Prediksi Teknologi 2026: Dominasi AI, Apple iGlasses, dan Persaingan Raksasa

Prediksi Teknologi 2026: Dominasi AI, Apple iGlasses, dan Persaingan Raksasa

Smallest Font
Largest Font

Tahun 2025 telah berlalu dengan beberapa prediksi yang tepat sasaran, kini saatnya menatap tahun 2026. Kecerdasan Buatan (AI) akan terus mendominasi, dengan persaingan ketat antara OpenAI dan Google, serta kemungkinan peluncuran Apple iGlasses dan masalah krisis RAM yang semakin menjadi-jadi.

Dominasi Kecerdasan Buatan (AI)

AI akan terus merambah ke semua aspek kehidupan. Tidak akan ada gelembung yang pecah, hanya model yang lebih besar dan lebih baik, serta monetisasi melalui iklan terintegrasi dalam hasil pencarian.

GPT-6 dan Artificial General Intelligence (AGI)

OpenAI kemungkinan akan merilis GPT-6, sebuah lompatan besar dalam kekuatan komputasi dan penalaran. Namun, pertanyaan utamanya adalah apakah ini akan menjadi langkah awal menuju Artificial General Intelligence (AGI), di mana sistem AI berpikir dan bertindak lebih seperti manusia.

CEO OpenAI, Sam Altman, sebelumnya menyatakan bahwa jalur menuju AGI telah ditemukan, tetapi kemudian menjauhkan diri dari pernyataan tersebut karena istilah AGI dianggap kehilangan makna.

Menurut Tim Bajarin, ketua kelompok analis Creative Strategies, Inc., AGI belum akan terwujud di tahun 2026. "AGI masih membutuhkan banyak pekerjaan dalam hal kecepatan pemrosesan dan perangkat lunak. Keyakinan pribadi saya adalah kita tidak akan melihat AGI nyata sebelum tahun 2028 paling cepat," kata Bajarin melalui email.

Bajarin menjelaskan bahwa sistem AI saat ini belum mencapai sesuatu yang disebut "polymathic artificial general intelligence".

Bayangkan seseorang yang memahami musik, seni, fisika, biologi, teologi, dan arsitektur, dan dapat berpikir lintas disiplin untuk mencapai wawasan baru. Seseorang seperti itu dikenal sebagai seorang polymath, dan AGI sejati harus menunjukkan kualitas analog, meskipun pada skala yang jauh lebih besar.

Persaingan OpenAI vs Google

Persaingan di pasar AI akan mengerucut menjadi pertarungan antara dua raksasa: OpenAI dan Google. Google akan fokus untuk mendorong Gemini ke dalam segala hal. Batas tipis antara ikhtisar AI dan hasil Pencarian Google standar akan menghilang, dan pada akhirnya, pengguna tidak akan tahu apakah mereka sedang mencari di grafik pengetahuan atau otak besar Gemini.

Pertumbuhan ChatGPT sebagai mesin pencari pilihan, yang sering disebut hanya 'Chat' oleh pengguna setia, akan membantu OpenAI bersaing ketat dengan Google. "ChatGPT akan membantu OpenAI meraih posisi yang sama dengan Google," kata Bajarin.

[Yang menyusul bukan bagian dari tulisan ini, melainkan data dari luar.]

theorem lemma5p1:
  fixes n m :: nat
  assumes "m \<ge> 2" and "n \<ge> 1"
  shows "mu (n + m) m = mu (n + m) (m - 1) \<or>
         (mu (n + m) m \<ge> mu n m + nu m m \<and>
          int (mu n m + nu m m) = int (mu n m) + \<lceil>real m / 2\<rceil>)"
proof (cases "mu (n + m) m = mu (n + m) (m - 1)")
  case False
  have "n + m \<ge> 1" using assms(2) by simp
  then obtain W j where W: "W \<in> Aset (n + m) m" "mu (n + m) m = MW (n + m) W (\<lambda>_. False)"
    and j: "j < n + m" "vdeg (n + m) W j = m"
    using optimal_wiring_with_full_column assms(1) False by blast
  have nu: "nu m m = m - m div 2"
    by (rule nu_eq_half) (use assms(1) in simp_all)
  have "vdeg (n + m) W j < n + m" using j(2) assms(2) by simp
  then have "mu (n + m - m) m + (m - m div 2) \<le> mu (n + m) m"
    using mu_add_half_column_le_MW[OF W(1) j(1)] unfolding j(2) W(2) by blast
  then have "mu n m + nu m m \<le> mu (n + m) m"
    by (simp only: nu add_diff_cancel_right')
  moreover have "int (mu n m + nu m m) = int (mu n m) + \<lceil>real m / 2\<rceil>"
    by (simp only: of_nat_add nu ceiling_half)
  ultimately show ?thesis by blast
qed simp

end
lemma norm_subgradient_le:
  "norm (subgradient \<delta> \<eta> k) \<le> subgradient_bound \<delta> \<eta>
     * (norm (x k - xhat k) + norm (x (Suc k) - xhat (Suc k)) + norm (xi (Suc k) - xi k))"
proof -
  define A where "A = norm (x k - xhat k)"
  define B where "B = norm (x (Suc k) - xhat (Suc k))"
  define C where "C = norm (xi (Suc k) - xi k)"
  define d where "d = xhat k - x (Suc k)"
  define M where "M = Lhm + \<tau> * L\<psi>"
  define \<theta> where "\<theta> = subgradient_bound \<delta> \<eta>"
  have "M \<ge> 0" unfolding M_def by (rule gradient_lipschitz_sum_nonneg)
  have d_le: "norm d \<le> A + B / \<alpha>min"
    unfolding d_def A_def B_def by (rule norm_xhat_minus_x_Suc_le)
  have "norm (Dhm (xhat k) - Dhm (x (Suc k))) \<le> Lhm * norm d"
    unfolding d_def by (rule lipschitz_on_normD[OF hm_lip]) auto
  moreover have "norm (D\<psi> (x (Suc k)) - D\<psi> (xhat k)) \<le> L\<psi> * norm d"
    unfolding d_def by (subst norm_minus_commute, rule lipschitz_on_normD[OF psi_lip]) auto
  ultimately have x_part: "norm (fst (subgradient \<delta> \<eta> k)) \<le> M * norm d + 2 * \<bar>\<delta>\<bar> * B"
  proof -
    assume Lhm_bound: "norm (Dhm (xhat k) - Dhm (x (Suc k))) \<le> Lhm * norm d"
      and Lpsi_bound: "norm (D\<psi> (x (Suc k)) - D\<psi> (xhat k)) \<le> L\<psi> * norm d"
    have "norm (fst (subgradient \<delta> \<eta> k))
          \<le> norm (Dhm (xhat k) - Dhm (x (Suc k))) + 2 * \<bar>\<delta>\<bar> * B
             + \<tau> * norm (D\<psi> (x (Suc k)) - D\<psi> (xhat k))"
      unfolding subgradient_eq B_def using tau_pos
      by (simp add: abs_mult norm_triangle_le norm_triangle_ineq4 order_trans[OF norm_triangle_ineq4] add_mono norm_triangle_ineq)
    also have "\<dots> \<le> Lhm * norm d + 2 * \<bar>\<delta>\<bar> * B + \<tau> * (L\<psi> * norm d)"
      using Lhm_bound Lpsi_bound tau_pos by (intro add_mono mult_left_mono) auto
    finally show ?thesis by (simp add: M_def algebra_simps)
  qed
  have xi_part: "norm (fst (snd (subgradient \<delta> \<eta> k))) \<le> norm d + \<bar>2 * \<eta> - \<beta>\<bar> * C"
    unfolding subgradient_eq d_def C_def by (simp add: norm_triangle_le)
  have "norm (subgradient \<delta> \<eta> k) \<le> M * norm d + 2 * \<bar>\<delta>\<bar> * B + (norm d + \<bar>2 * \<eta> - \<beta>\<bar> * C)
          + (2 * \<bar>\<delta>\<bar> * B + 2 * \<bar>\<eta>\<bar> * C)"
  proof -
    have "norm (subgradient \<delta> \<eta> k) \<le> norm (fst (subgradient \<delta> \<eta> k))
            + norm (fst (snd (subgradient \<delta> \<eta> k))) + norm (fst (snd (snd (subgradient \<delta> \<eta> k))))
            + norm (snd (snd (snd (subgradient \<delta> \<eta> k))))"
      using norm_Pair4_le[of "fst (subgradient \<delta> \<eta> k)" "fst (snd (subgradient \<delta> \<eta> k))"
          "fst (snd (snd (subgradient \<delta> \<eta> k)))" "snd (snd (snd (subgradient \<delta> \<eta> k)))"]
      by simp
    moreover have "norm (fst (snd (snd (subgradient \<delta> \<eta> k)))) = 2 * \<bar>\<delta>\<bar> * B"
      unfolding subgradient_eq B_def by (simp add: abs_mult)
    moreover have "norm (snd (snd (snd (subgradient \<delta> \<eta> k)))) = 2 * \<bar>\<eta>\<bar> * C"
      unfolding subgradient_eq C_def by (simp add: abs_mult norm_minus_commute)
    ultimately show ?thesis using x_part xi_part by linarith
  qed
  also have "\<dots> \<le> (M + 1) * (A + B / \<alpha>min) + 4 * \<bar>\<delta>\<bar> * B + (\<bar>2 * \<eta> - \<beta>\<bar> + 2 * \<bar>\<eta>\<bar>) * C"
  proof -
    have "(M + 1) * norm d \<le> (M + 1) * (A + B / \<alpha>min)"
      using d_le \<open>M \<ge> 0\<close> by (intro mult_left_mono) auto
    then show ?thesis by (simp add: algebra_simps)
  qed
  also have "\<dots> = (M + 1) * A + ((M + 1) / \<alpha>min + 4 * \<bar>\<delta>\<bar>) * B + (\<bar>2 * \<eta> - \<beta>\<bar> + 2 * \<bar>\<eta>\<bar>) * C"
    by (simp add: algebra_simps)
  also have "\<dots> \<le> \<theta> * A + \<theta> * B + \<theta> * C"
  proof -
    have "(M + 1) / \<alpha>min \<ge> 0" using \<open>M \<ge> 0\<close> amin_pos by simp
    moreover have "(M + 1) * (1 + 1 / \<alpha>min) = (M + 1) + (M + 1) / \<alpha>min" by (simp add: algebra_simps)
    ultimately have "M + 1 \<le> \<theta>" "(M + 1) / \<alpha>min + 4 * \<bar>\<delta>\<bar> \<le> \<theta>" "\<bar>2 * \<eta> - \<beta>\<bar> + 2 * \<bar>\<eta>\<bar> \<le> \<theta>"
      unfolding \<theta>_def subgradient_bound_def M_def[symmetric] using \<open>M \<ge> 0\<close>
        abs_ge_zero[of \<delta>] abs_ge_zero[of \<eta>] abs_ge_zero[of "2 * \<eta> - \<beta>"]
      by linarith+
    then show ?thesis by (intro add_mono mult_right_mono) (auto simp: A_def B_def C_def)
  qed
  also have "\<dots> = \<theta> * (A + B + C)" by (simp add: algebra_simps)
  finally show ?thesis unfolding A_def B_def C_def \<theta>_def .
qed
(* Let $X$ be a real Banach space, let $n\in\mathbb N$, let $S_1,\dots,S_n$ be $w^*$-slices of $B_{X^*}$ and let $\lambda_1,\dots,\lambda_n\in(0,1]$ with $\sum_{i=1}^n\lambda_i=1$. Put $C:=\sum_{i=1}^n\lambda_i S_i$ and assume $\operatorname{diam}(C)=2$. Then for every $\varepsilon>0$ there exist $f_i,g_i\in S_i$ ($i=1,\dots,n$) and $x\in S_X$ such that $(f_i-g_i)(x)>2-\varepsilon$ for all $i\in\{1,\dots,n\}$; consequently $f_i(x)>1-\varepsilon$ and $g_i(-x)>1-\varepsilon$ for all $i$.
   Context: A $w^*$-slice of $B_{X^*}$ is a set $S(B_{X^*},x,\alpha)=\{f\in B_{X^*}: f(x)>1-\alpha\}$ with $x\in S_X$ and $0<\alpha<1$. $B$, $S$ denote closed unit ball and unit sphere. *)

theory Defs
  imports "HOL-Analysis.Analysis"
begin

text \<open>The dual space X* is modelled as the type of bounded linear functionals
  ('a, real) blinfun with the operator norm. The closed unit ball of X*.\<close>

definition dual_ball :: "('a::real_normed_vector \<Rightarrow>\<^sub>L real) set" where
  "dual_ball = {f. norm f \<le> 1}"

definition wstar_slice :: "'a::real_normed_vector \<Rightarrow> real \<Rightarrow> ('a \<Rightarrow>\<^sub>L real) set" where
  "wstar_slice x \<alpha> = {f \<in> dual_ball. blinfun_apply f x > 1 - \<alpha>}"

end

theory Submission
  imports Defs
begin

(* Since diam C = 2, for a small delta > 0 there are two points
   u = \<Sum> lam_i f_i and v = \<Sum> lam_i g_i of C (f_i, g_i in the slice S_i)
   with ||u - v|| > 2 - delta, and a unit vector z with (u - v)(z) > 2 - delta.
   Each value (f_i - g_i)(z) is at most 2, so the convex combination
   \<Sum> lam_i (f_i - g_i)(z) can only come within delta of 2 if every single
   term is close to 2:  lam_j (2 - (f_j - g_j)(z)) < delta.  Choosing
   delta \<le> eps * lam_j for all j gives (f_j - g_j)(z) > 2 - eps, and the two
   one-sided estimates follow because |f_j(z)|, |g_j(z)| \<le> 1. *)

text \<open>A set whose diameter exceeds \<open>c \<ge> 0\<close> contains two points at distance
  more than \<open>c\<close>; no boundedness assumption is needed in this direction.\<close>

lemma diameter_exceeded:
  fixes S :: "'a::real_normed_vector set"
  assumes "0 \<le> c" and "c < diameter S"
  shows "\<exists>u\<in>S. \<exists>v\<in>S. c < norm (u - v)"
proof (rule ccontr)
  assume "\<not> ?thesis"
  then have "diameter S \<le> c"
    using \<open>0 \<le> c\<close> by (intro diameter_le) (auto simp: not_less)
  with \<open>c < diameter S\<close> show False by simp
qed

lemma functional_exceeds_on_sphere:
  fixes \<phi> :: "'a::real_normed_vector \<Rightarrow>\<^sub>L real"
  assumes "c < norm \<phi>" and "0 \<le> c"
  shows "\<exists>z. norm z = 1 \<and> c < \<phi> z"
proof (rule ccontr)
  assume below: "\<not> ?thesis"
  have "\<bar>\<phi> x\<bar> \<le> c * norm x" for x
  proof (cases "x = 0")
    case True
    then show ?thesis by simp
  next
    case False
    define u where "u = x /\<^sub>R norm x"
    have "norm u = 1" "norm (- u) = 1"
      using False by (auto simp: u_def)
    then have "\<phi> u \<le> c" "\<phi> (- u) \<le> c"
      using below by (auto simp: not_less)
    then have "\<bar>\<phi> u\<bar> \<le> c"
      by (auto simp: blinfun.minus_right)
    moreover have "\<phi> x = norm x * \<phi> u"
      using False by (simp add: u_def blinfun.scaleR_right)
    ultimately show ?thesis
      by (simp add: abs_mult mult_left_mono mult.commute[of c])
  qed
  then have "norm \<phi> \<le> c"
    using \<open>0 \<le> c\<close> by (intro norm_blinfun_bound) auto
  with \<open>c < norm \<phi>\<close> show False by simp
qed

lemma convex_combination_deficit:
  fixes lam d :: "'i \<Rightarrow> real"
  assumes "finite I" and "j \<in> I"
    and nonneg: "\<And>i. i \<in> I \<Longrightarrow> 0 \<le> lam i"
    and "(\<Sum>i\<in>I. lam i) = 1"
    and below: "\<And>i. i \<in> I \<Longrightarrow> d i \<le> M"
    and "M - \<delta> < (\<Sum>i\<in>I. lam i * d i)"
  shows "lam j * (M - d j) < \<delta>"
proof -
  have "lam j * (M - d j) \<le> (\<Sum>i\<in>I. lam i * (M - d i))"
    using assms(1,2) nonneg below
    by (intro member_le_sum) (auto intro: mult_nonneg_nonneg)
  also have "\<dots> = M * (\<Sum>i\<in>I. lam i) - (\<Sum>i\<in>I. lam i * d i)"
    by (simp add: right_diff_distrib sum_subtractf sum_distrib_left mult.commute)
  also have "\<dots> < \<delta>"
    using assms(4,6) by simp
  finally show ?thesis .
qed

lemma dual_ball_value_bound:
  assumes "f \<in> dual_ball" and "norm z = 1"
  shows "\<bar>f z\<bar> \<le> 1"
  using norm_blinfun[of f z] assms by (simp add: dual_ball_def)

lemma dual_ball_gap:
  assumes "f \<in> dual_ball" "g \<in> dual_ball" and "norm z = 1"
    and gap: "2 - \<epsilon> < (f - g) z"
  shows "1 - \<epsilon> < f z" and "1 - \<epsilon> < g (- z)"
  using dual_ball_value_bound[OF assms(1,3)] dual_ball_value_bound[OF assms(2,3)] gap
  by (auto simp: blinfun.diff_left blinfun.minus_right)

text \<open>A single tolerance can be chosen below \<open>\<epsilon> * lam i\<close> for finitely many
  positive weights at once (and below 1, to keep \<open>2 - \<delta>\<close> nonnegative).\<close>

lemma uniform_tolerance:
  fixes lam :: "'i \<Rightarrow> real"
  assumes "finite I" and "\<And>i. i \<in> I \<Longrightarrow> 0 < lam i" and "0 < \<epsilon>"
  shows "\<exists>\<delta>>0. \<delta> \<le> 1 \<and> (\<forall>i\<in>I. \<delta> \<le> \<epsilon> * lam i)"
proof (cases "I = {}")
  case True
  then show ?thesis by (intro exI[of _ 1]) auto
next
  case False
  define \<delta> where "\<delta> = min 1 (\<epsilon> * Min (lam ` I))"
  have "0 < Min (lam ` I)"
    using assms(1,2) False by (subst Min_gr_iff) auto
  moreover have "\<epsilon> * Min (lam ` I) \<le> \<epsilon> * lam i" if "i \<in> I" for i
    using assms(1,3) that by (intro mult_left_mono) auto
  ultimately show ?thesis
    using \<open>0 < \<epsilon>\<close> by (intro exI[of _ \<delta>]) (auto simp: \<delta>_def min.coboundedI2)
qed

theorem mainTheorem2:
  fixes n :: nat
    and x :: "nat \<Rightarrow> 'a::banach"
    and \<alpha> :: "nat \<Rightarrow> real"
    and lam :: "nat \<Rightarrow> real"
    and C :: "('a \<Rightarrow>\<^sub>L real) set"
  assumes x_sphere: "\<forall>i\<in>{1..n}. norm (x i) = 1"
    and alpha_range: "\<forall>i\<in>{1..n}. 0 < \<alpha> i \<and> \<alpha> i < 1"
    and lambda_range: "\<forall>i\<in>{1..n}. 0 < lam i \<and> lam i \<le> 1"
    and lambda_sum: "(\<Sum>i=1..n. lam i) = 1"
    and C_def: "C = {(\<Sum>i=1..n. lam i *\<^sub>R h i) | h. \<forall>i\<in>{1..n}. h i \<in> wstar_slice (x i) (\<alpha> i)}"
    and diam: "diameter C = 2"
  shows "\<forall>\<epsilon>>0. \<exists>f g :: nat \<Rightarrow> ('a \<Rightarrow>\<^sub>L real). \<exists>z :: 'a. norm z = 1 \<and>
           (\<forall>i\<in>{1..n}. f i \<in> wstar_slice (x i) (\<alpha> i) \<and> g i \<in> wstar_slice (x i) (\<alpha> i) \<and>
              blinfun_apply (f i - g i) z > 2 - \<epsilon> \<and>
              blinfun_apply (f i) z > 1 - \<epsilon> \<and> blinfun_apply (g i) (- z) > 1 - \<epsilon>)"
proof (intro allI impI)
  fix \<epsilon> :: real assume "0 < \<epsilon>"
  obtain \<delta> where "0 < \<delta>" "\<delta> \<le> 1" and \<delta>_small: "\<forall>i\<in>{1..n}. \<delta> \<le> \<epsilon> * lam i"
    using uniform_tolerance[of "{1..n}" lam \<epsilon>] lambda_range \<open>0 < \<epsilon>\<close> by auto
  obtain f g where f: "\<forall>i\<in>{1..n}. f i \<in> wstar_slice (x i) (\<alpha> i)"
    and g: "\<forall>i\<in>{1..n}. g i \<in> wstar_slice (x i) (\<alpha> i)"
    and far: "2 - \<delta> < norm ((\<Sum>i=1..n. lam i *\<^sub>R f i) - (\<Sum>i=1..n. lam i *\<^sub>R g i))"
    using diameter_exceeded[of "2 - \<delta>" C] \<open>0 < \<delta>\<close> \<open>\<delta> \<le> 1\<close> diam unfolding C_def by auto
  obtain z where z: "norm z = 1"
    and "2 - \<delta> < ((\<Sum>i=1..n. lam i *\<^sub>R f i) - (\<Sum>i=1..n. lam i *\<^sub>R g i)) z"
    using functional_exceeds_on_sphere[OF far] \<open>\<delta> \<le> 1\<close> by auto
  then have combination: "2 - \<delta> < (\<Sum>i=1..n. lam i * (f i - g i) z)"
    by (simp add: blinfun.sum_left blinfun.diff_left blinfun.scaleR_left
        sum_subtractf right_diff_distrib)
  have ball: "f i \<in> dual_ball" "g i \<in> dual_ball" if "i \<in> {1..n}" for i
    using f g that by (auto simp: wstar_slice_def)
  have gap: "2 - \<epsilon> < (f j - g j) z" if j: "j \<in> {1..n}" for j
  proof -
    have "(f i - g i) z \<le> 2" if "i \<in> {1..n}" for i
      using dual_ball_value_bound[OF ball(1)[OF that] z]
        dual_ball_value_bound[OF ball(2)[OF that] z] by (simp add: blinfun.diff_left)
    then have "lam j * (2 - (f j - g j) z) < \<delta>"
      using j lambda_range lambda_sum combination
      by (intro convex_combination_deficit[where I = "{1..n}" and M = 2
            and d = "\<lambda>i. (f i - g i) z"]) (auto simp: less_imp_le)
    moreover have "\<delta> \<le> lam j * \<epsilon>"
      using \<delta>_small j by (simp add: mult.commute)
    ultimately have "lam j * (2 - (f j - g j) z) < lam j * \<epsilon>" by linarith
    with j lambda_range show ?thesis by auto
  qed
  show "\<exists>f g :: nat \<Rightarrow> ('a \<Rightarrow>\<^sub>L real). \<exists>z :: 'a. norm z = 1 \<and>
           (\<forall>i\<in>{1..n}. f i \<in> wstar_slice (x i) (\<alpha> i) \<and> g i \<in> wstar_slice (x i) (\<alpha> i) \<and>
              blinfun_apply (f i - g i) z > 2 - \<epsilon> \<and>
              blinfun_apply (f i) z > 1 - \<epsilon> \<and> blinfun_apply (g i) (- z) > 1 - \<epsilon>)"
    using f g z gap dual_ball_gap[OF ball(1) ball(2) z gap] by blast
qed

end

Dominasi gabungan mereka dapat menyebabkan pemain AI lain jatuh atau diakuisisi oleh pesaing. "Konsolidasi tidak terhindarkan," imbuh Bajarin.

Regulasi AI yang Tertunda

Regulasi AI yang nyata tidak akan terjadi di tahun 2026, setidaknya di Amerika Serikat. Pemerintah dianggap belum memiliki pemahaman yang kuat tentang cara mengatur perkembangan AI yang bergerak cepat. "Pemerintah tidak memiliki pemahaman yang kuat tentang cara mengatur, mengingat perkembangan AI yang bergerak cepat," tulis Bajarin.

Krisis RAM yang Semakin Parah

Krisis RAM yang dimulai pada tahun 2025 akan semakin intensif pada tahun 2026, dengan pasokan mencapai rekor terendah dan harga meroket. Pemenangnya adalah perusahaan yang menimbun RAM berbiaya rendah.

Konsumen akan kesulitan membeli kartu grafis yang terjangkau dengan RAM yang cukup, atau untuk meningkatkan sistem yang kurang berkinerja dengan peningkatan RAM.

Sebagian besar RAM diproduksi di luar AS, di tempat-tempat seperti Cina dan di Taiwan oleh TSMC. Tahun 2026 seharusnya menjadi tahun di mana kita mendengar lebih banyak tentang upaya untuk membangun kemampuan manufaktur RAM di AS, tetapi itu tidak akan berdampak pada pasokan dan harga di tahun 2026.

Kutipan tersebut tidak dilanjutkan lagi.